4. Write training dataframe to csv file
Nonetheless, we have a fairly decent training dataset to work with. We can save the dataframe to a csv file called serc_training_data.csv
as follows:
veg_tower_tile_short.to_csv(r'.\data\serc_training_data.csv',index=False)
5. Plot tree families in map view
Finally, we can make a quick plot using seaborn
(imported as sns
) to show the spatial distrubtion of the trees surveyed in this area, along with their species (scientificName
). Most of this code helps improve the formatting and appearance of the figure; the first sns.scatterplot
chunk is all you really need to do to plot the essentials.
ax = sns.scatterplot(
data=veg_tower_tile_short,
x='adjEasting',
y='adjNorthing',
hue='family',
)
# Make the x and y dimensions are equal
ax.set_aspect('equal', adjustable='box')
# Remove scientific notation on the x and y axes labels
ax.xaxis.set_major_formatter(mticker.FuncFormatter(lambda x, _: f'{x:.0f}'))
ax.yaxis.set_major_formatter(mticker.FuncFormatter(lambda y, _: f'{y:.0f}'))
# Place the legend outside the plot at the center right
plt.legend(loc='center left', bbox_to_anchor=(1.05, 0.5))
# Adjust layout to prevent legend overlap
plt.tight_layout()
# Add title and axis labels
ax.set_title("SERC Tree Families", fontsize=14)
ax.set_xlabel("Easting (m)", fontsize=12)
ax.set_ylabel("Northing (m)", fontsize=12)
plt.yticks(fontsize=8)
plt.xticks(fontsize=8)
plt.show()
Great! We can see all the trees that were surveyed in this AOP tile. The trees are sampled in discrete plots. For more information about the TOS sampling design, please refer to the Vegetation structure data product page.
Recap
In this lesson, we have created a training data set containing information about the tree family and species as well as their geographic locations in UTM x, y coordinates. We can now pair this training data set with the remote sensing data and create a model to predict the tree's family based off airborne spectral data. The next tutorial, Tree Classification with NEON Airborne Imaging Spectrometer Data using Python xarray, will show how to do this!

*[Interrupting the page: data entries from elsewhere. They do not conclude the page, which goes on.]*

lemma level_pairs_eq_image:
  assumes "1 \<le> l" "l \<le> d"
  shows "level_pairs d l = (\<lambda>(a, b, c). (a @ False # b, a @ True # c)) `
    ({a. length a = l - 1} \<times> {b. length b = d - l} \<times> {c. length c = d - l})"
    (is "_ = ?f ` ?X")
proof
  show "?f ` ?X \<subseteq> level_pairs d l"
    using assms by (auto simp: level_pairs_def oriented_pairs_def delta_append_Cons nth_append)
  show "level_pairs d l \<subseteq> ?f ` ?X"
  proof
    fix z assume "z \<in> level_pairs d l"
    then obtain x y where z: "z = (x, y)" "length x = d" "length y = d" "x \<noteq> y"
      "\<not> x ! (l - 1)" "delta x y = l"
      unfolding level_pairs_def oriented_pairs_def by auto
    then have "y ! (l - 1)"
      using nth_delta_neq[of x y] by auto
    have "take (l - 1) y = take (l - 1) x"
      using z nth_eq_below_delta[of x y] by (intro nth_equalityI) auto
    then have "x = take (l - 1) x @ False # drop l x" "y = take (l - 1) x @ True # drop l y"
      using id_take_nth_drop[of "l - 1" x] id_take_nth_drop[of "l - 1" y] z \<open>y ! (l - 1)\<close> assms
      by auto
    moreover have "(take (l - 1) x, drop l x, drop l y) \<in> ?X"
      using z assms by auto
    ultimately show "z \<in> ?f ` ?X"
      unfolding z by (metis (no_types, lifting) case_prod_conv image_eqI)
  qed
qed

lemma card_level_pairs:
  assumes "1 \<le> l" "l \<le> d"
  shows "card (level_pairs d l) = 2 ^ (2 * d - l - 1)"
proof -
  let ?f = "\<lambda>(a, b, c). (a @ False # b, a @ True # c)"
  let ?X = "{a :: bool list. length a = l - 1} \<times> {b. length b = d - l} \<times> {c. length c = d - l}"
  have "inj_on ?f ?X"
    by (auto simp: inj_on_def append_eq_append_conv)
  then have "card (level_pairs d l) = 2 ^ (l - 1) * (2 ^ (d - l) * 2 ^ (d - l))"
    unfolding level_pairs_eq_image[OF assms] by (simp add: card_image card_cartesian_product card_lists_length)
  also have "\<dots> = 2 ^ (2 * d - l - 1)"
    using assms by (simp flip: power_add)
  finally show ?thesis .
qed

lemma card_eq_sum_level_edges:
  assumes "finite E"
    and "\<forall>e\<in>E. \<exists>u v. e = {u, v} \<and> fst u \<noteq> fst v \<and> length (fst u) = d \<and> length (fst v) = d"
  shows "card E = (\<Sum>l\<in>{1..d}. level_edges l E)"
proof -
  define L where "L l = {e \<in> E. \<exists>u v. e = {u, v} \<and> fst u \<noteq> fst v \<and> delta (fst u) (fst v) = l}" for l
  have "E = (\<Union>l\<in>{1..d}. L l)"
    using assms(2) delta_in_range by (fastforce simp: L_def)
  moreover have "L l \<inter> L l' = {}" if "l \<noteq> l'" for l l'
    using that assms(2) delta_commute by (fastforce simp: L_def doubleton_eq_iff)
  moreover have "finite (L l)" for l
    using assms(1) by (simp add: L_def)
  ultimately have "card E = (\<Sum>l\<in>{1..d}. card (L l))"
    by (simp add: card_UN_disjoint)
  then show ?thesis
    unfolding level_edges_def L_def .
qed

lemma edges_between_commute: "edges_between E P Q = edges_between E Q P"
proof -
  have "{e \<in> E. \<exists>u\<in>P. \<exists>v\<in>Q. e = {u, v}} = {e \<in> E. \<exists>u\<in>Q. \<exists>v\<in>P. e = {u, v}}"
    by (auto simp: insert_commute)
  then show ?thesis
    unfolding edges_between_def by simp
qed

lemma
  assumes "P \<subseteq> block m x"
  shows card_block_slice: "card {i. (x, i) \<in> P} = card P"
    and block_slice_subset: "{i. (x, i) \<in> P} \<subseteq> {1..m}"
proof -
  have "P = Pair x ` {i. (x, i) \<in> P}"
    using assms by (auto simp: block_def)
  then show "card {i. (x, i) \<in> P} = card P"
    by (metis card_image inj_on_def prod.inject)
  show "{i. (x, i) \<in> P} \<subseteq> {1..m}"
    using assms by (auto simp: block_def)
qed

section \<open>The graph\<close>

definition adj_pairs :: "nat \<Rightarrow> nat \<Rightarrow> (nat \<times> nat) set" where
  "adj_pairs m k = {(i, j) \<in> {1..m} \<times> {1..m}. shift_adj (floorlog 2 m) k i j}"

definition cube_edge :: "(bool list \<times> bool list) \<times> nat \<times> nat \<Rightarrow> vert set" where
  "cube_edge = (\<lambda>((x, y), i, j). {(x, i), (y, j)})"

definition cube_graph :: "nat \<Rightarrow> nat \<Rightarrow> vert set set" where
  "cube_graph m d = cube_edge ` Sigma (oriented_pairs d) (\<lambda>(x, y). adj_pairs m (d - delta x y))"

lemma card_filter_image: "inj_on f A \<Longrightarrow> card {e \<in> f ` A. P e} = card {a \<in> A. P (f a)}"
proof -
  assume "inj_on f A"
  have "{e \<in> f ` A. P e} = f ` {a \<in> A. P (f a)}"
    by auto
  then show ?thesis
    using \<open>inj_on f A\<close> by (simp add: card_image inj_on_subset)
qed

lemma inj_on_cube_edge: "inj_on cube_edge (oriented_pairs d \<times> UNIV)"
proof (rule inj_onI)
  fix z z' assume "z \<in> oriented_pairs d \<times> UNIV" "z' \<in> oriented_pairs d \<times> UNIV" "cube_edge z = cube_edge z'"
  moreover obtain x y i j x' y' i' j' where "z = ((x, y), i, j)" "z' = ((x', y'), i', j')"
    by (metis prod.exhaust)
  ultimately show "z = z'"
    unfolding cube_edge_def using swap_in_oriented_pairs_iff
    by (auto simp: doubleton_eq_iff oriented_pairs_def)
qed

lemma cube_graph_is_graph: "is_graph_on (verts m d) (cube_graph m d)"
  unfolding is_graph_on_def cube_graph_def cube_edge_def
  by (force simp: verts_def oriented_pairs_def adj_pairs_def)

lemma finite_adj_pairs: "finite (adj_pairs m k)"
  by (rule finite_subset[of _ "{1..m} \<times> {1..m}"]) (auto simp: adj_pairs_def)

lemma finite_cube_graph: "finite (cube_graph m d)"
  unfolding cube_graph_def
  by (auto intro!: finite_imageI finite_SigmaI simp: finite_oriented_pairs finite_adj_pairs)

lemma level_edges_cube_graph:
  "level_edges l (cube_graph m d) = card (level_pairs d l) * card (adj_pairs m (d - l))"
proof -
  let ?Z = "Sigma (oriented_pairs d) (\<lambda>(x, y). adj_pairs m (d - delta x y))"
  have level_iff: "(\<exists>u v. cube_edge ((x, y), i, j) = {u, v} \<and> fst u \<noteq> fst v \<and> delta (fst u) (fst v) = l)
      \<longleftrightarrow> delta x y = l" if "(x, y) \<in> oriented_pairs d" for x y i j
    using that delta_commute[of x y] by (auto simp: cube_edge_def doubleton_eq_iff oriented_pairs_def)
  have "{z \<in> ?Z. \<exists>u v. cube_edge z = {u, v} \<and> fst u \<noteq> fst v \<and> delta (fst u) (fst v) = l}
      = level_pairs d l \<times> adj_pairs m (d - l)"
  proof (rule set_eqI)
    fix z :: "(bool list \<times> bool list) \<times> nat \<times> nat"
    obtain x y i j where z: "z = ((x, y), i, j)"
      by (metis prod.exhaust)
    show "z \<in> {z \<in> ?Z. \<exists>u v. cube_edge z = {u, v} \<and> fst u \<noteq> fst v \<and> delta (fst u) (fst v) = l}
        \<longleftrightarrow> z \<in> level_pairs d l \<times> adj_pairs m (d - l)"
    proof (cases "(x, y) \<in> oriented_pairs d")
      case True
      show ?thesis
        unfolding z mem_Collect_eq level_iff[OF True] by (auto simp: level_pairs_def)
    qed (auto simp: z level_pairs_def)
  qed
  moreover have "inj_on cube_edge ?Z"
    by (rule inj_on_subset[OF inj_on_cube_edge]) auto
  ultimately show ?thesis
    unfolding level_edges_def cube_graph_def by (simp add: card_filter_image card_cartesian_product)
qed

lemma edges_between_cube_graph:
  assumes "(x, y) \<in> oriented_pairs d" "P \<subseteq> block m x" "Q \<subseteq> block m y"
  shows "edges_between (cube_graph m d) P Q
    = card {(i, j) \<in> {i. (x, i) \<in> P} \<times> {j. (y, j) \<in> Q}. shift_adj (floorlog 2 m) (d - delta x y) i j}"
    (is "_ = card ?T")
proof -
  let ?Z = "Sigma (oriented_pairs d) (\<lambda>(x, y). adj_pairs m (d - delta x y))"
  have endpoints: "(\<exists>u\<in>P. \<exists>v\<in>Q. cube_edge ((x', y'), i, j) = {u, v})
      \<longleftrightarrow> x' = x \<and> y' = y \<and> (x, i) \<in> P \<and> (y, j) \<in> Q"
    if "(x', y') \<in> oriented_pairs d" for x' y' i j
  proof
    assume "\<exists>u\<in>P. \<exists>v\<in>Q. cube_edge ((x', y'), i, j) = {u, v}"
    then obtain u v where uv: "u \<in> P" "v \<in> Q" "{(x', i), (y', j)} = {u, v}"
      unfolding cube_edge_def by auto
    moreover have "fst u = x" "fst v = y"
      using uv assms(2,3) by (auto simp: block_def)
    moreover have "(x', y') \<noteq> (y, x)"
      using that assms(1) swap_in_oriented_pairs_iff[of x d y] by (auto simp: oriented_pairs_def)
    ultimately show "x' = x \<and> y' = y \<and> (x, i) \<in> P \<and> (y, j) \<in> Q"
      unfolding doubleton_eq_iff by auto
  qed (auto simp: cube_edge_def)
  have "{z \<in> ?Z. \<exists>u\<in>P. \<exists>v\<in>Q. cube_edge z = {u, v}} = Pair (x, y) ` ?T"
  proof (rule set_eqI)
    fix z :: "(bool list \<times> bool list) \<times> nat \<times> nat"
    obtain x' y' i j where z: "z = ((x', y'), i, j)"
      by (metis prod.exhaust)
    show "z \<in> {z \<in> ?Z. \<exists>u\<in>P. \<exists>v\<in>Q. cube_edge z = {u, v}} \<longleftrightarrow> z \<in> Pair (x, y) ` ?T"
    proof (cases "(x', y') \<in> oriented_pairs d")
      case True
      show ?thesis
        unfolding z mem_Collect_eq endpoints[OF True] using assms
        by (auto simp: adj_pairs_def block_def)
    qed (use assms(1) z in auto)
  qed
  moreover have "inj_on cube_edge ?Z"
    by (rule inj_on_subset[OF inj_on_cube_edge]) auto
  ultimately show ?thesis
    unfolding edges_between_def cube_graph_def by (simp add: card_filter_image card_image inj_on_def)
qed

section \<open>Edge counts\<close>

lemma level_edges_cube_graph_bounds:
  fixes \<epsilon> :: real
  assumes "l \<in> {1..d}" "0 < m" "0 \<le> \<epsilon>" "2 ^ (3 * d + 1) \<le> \<epsilon>\<^sup>2 * real m"
  shows "(1 - \<epsilon>) * 2 ^ (d - 1) * real m ^ 2 \<le> real (level_edges l (cube_graph m d))
    \<and> real (level_edges l (cube_graph m d)) \<le> (1 + \<epsilon>) * 2 ^ (d - 1) * real m ^ 2"
proof -
  define k where "k = d - l"
  define A where "A = real (card (adj_pairs m k))"
  have "adj_pairs m k = {(i, j) \<in> {1..m} \<times> {1..m}. shift_adj (floorlog 2 m) k i j}"
    unfolding adj_pairs_def ..
  moreover have "2 ^ (3 * d + 1) * real m \<le> \<epsilon>\<^sup>2 * (card {1..m} * card {1..m})"
    using assms(4) by (simp add: power2_eq_square mult_right_mono flip: mult.assoc)
  ultimately have "\<bar>A - real m ^ 2 / 2 ^ k\<bar> \<le> \<epsilon> * real m ^ 2 / 2 ^ k"
    unfolding A_def using card_shift_adj_approx[OF assms(2) order_refl order_refl _ assms(3), of k d]
    by (simp add: k_def power2_eq_square mult.assoc)
  then have "(1 - \<epsilon>) * real m ^ 2 \<le> 2 ^ k * A" "2 ^ k * A \<le> (1 + \<epsilon>) * real m ^ 2"
    by (simp_all add: field_simps abs_le_iff)
  moreover have "card (level_pairs d l) = 2 ^ (d - 1) * 2 ^ k"
    using assms(1) card_level_pairs[of l d] unfolding k_def
    by (auto simp flip: power_add intro!: arg_cong[where f = "\<lambda>e. 2 ^ e"])
  then have "real (level_edges l (cube_graph m d)) = 2 ^ (d - 1) * (2 ^ k * A)"
    unfolding level_edges_cube_graph A_def k_def by simp
  ultimately show ?thesis
    by (simp add: mult.assoc)
qed

lemma card_cube_graph_bounds:
  fixes \<epsilon> :: real
  assumes "0 < m" "0 \<le> \<epsilon>" "2 ^ (3 * d + 1) \<le> \<epsilon>\<^sup>2 * real m"
  shows "(1 - \<epsilon>) * real d * 2 ^ (d - 1) * real m ^ 2 \<le> real (card (cube_graph m d))
    \<and> real (card (cube_graph m d)) \<le> (1 + \<epsilon>) * real d * 2 ^ (d - 1) * real m ^ 2"
proof -
  have "\<forall>e\<in>cube_graph m d. \<exists>u v. e = {u, v} \<and> fst u \<noteq> fst v \<and> length (fst u) = d \<and> length (fst v) = d"
    by (force simp: cube_graph_def cube_edge_def oriented_pairs_def)
  then have "real (card (cube_graph m d)) = (\<Sum>l\<in>{1..d}. real (level_edges l (cube_graph m d)))"
    using card_eq_sum_level_edges[OF finite_cube_graph] by simp
  moreover have "(\<Sum>l\<in>{1..d}. (1 - \<epsilon>) * 2 ^ (d - 1) * real m ^ 2)
      \<le> (\<Sum>l\<in>{1..d}. real (level_edges l (cube_graph m d)))"
    by (rule sum_mono) (use level_edges_cube_graph_bounds[OF _ assms] in blast)
  moreover have "(\<Sum>l\<in>{1..d}. real (level_edges l (cube_graph m d)))
      \<le> (\<Sum>l\<in>{1..d}. (1 + \<epsilon>) * 2 ^ (d - 1) * real m ^ 2)"
    by (rule sum_mono) (use level_edges_cube_graph_bounds[OF _ assms] in blast)
  ultimately show ?thesis
    by (simp add: mult_ac)
qed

Note: you may wish to create a training dataframe that contains additional information about the trees. For example, you can also include parameters like the growth form (e.g. whether the vegetation is a shrub, single-bole or multi-bole tree, etc.), the plant status (whether the tree is healthy or standing dead), and measurements such as the stem diameter and tree height. To do this, you would need to join the vst_mappingandtagging
table with the vst_apparentindividual
tables. Refer to the Quick Start Guide for Vegetation Structure for more information about the data tables and the joining instructions. You can also refer to the lesson Compare tree height measured from the ground to a Lidar-based Canopy Height Model which provides an example of how to do this and compare the TOS measured data with the AOP Lidar-derived Canopy Height Model (Ecosystem Structure) data product.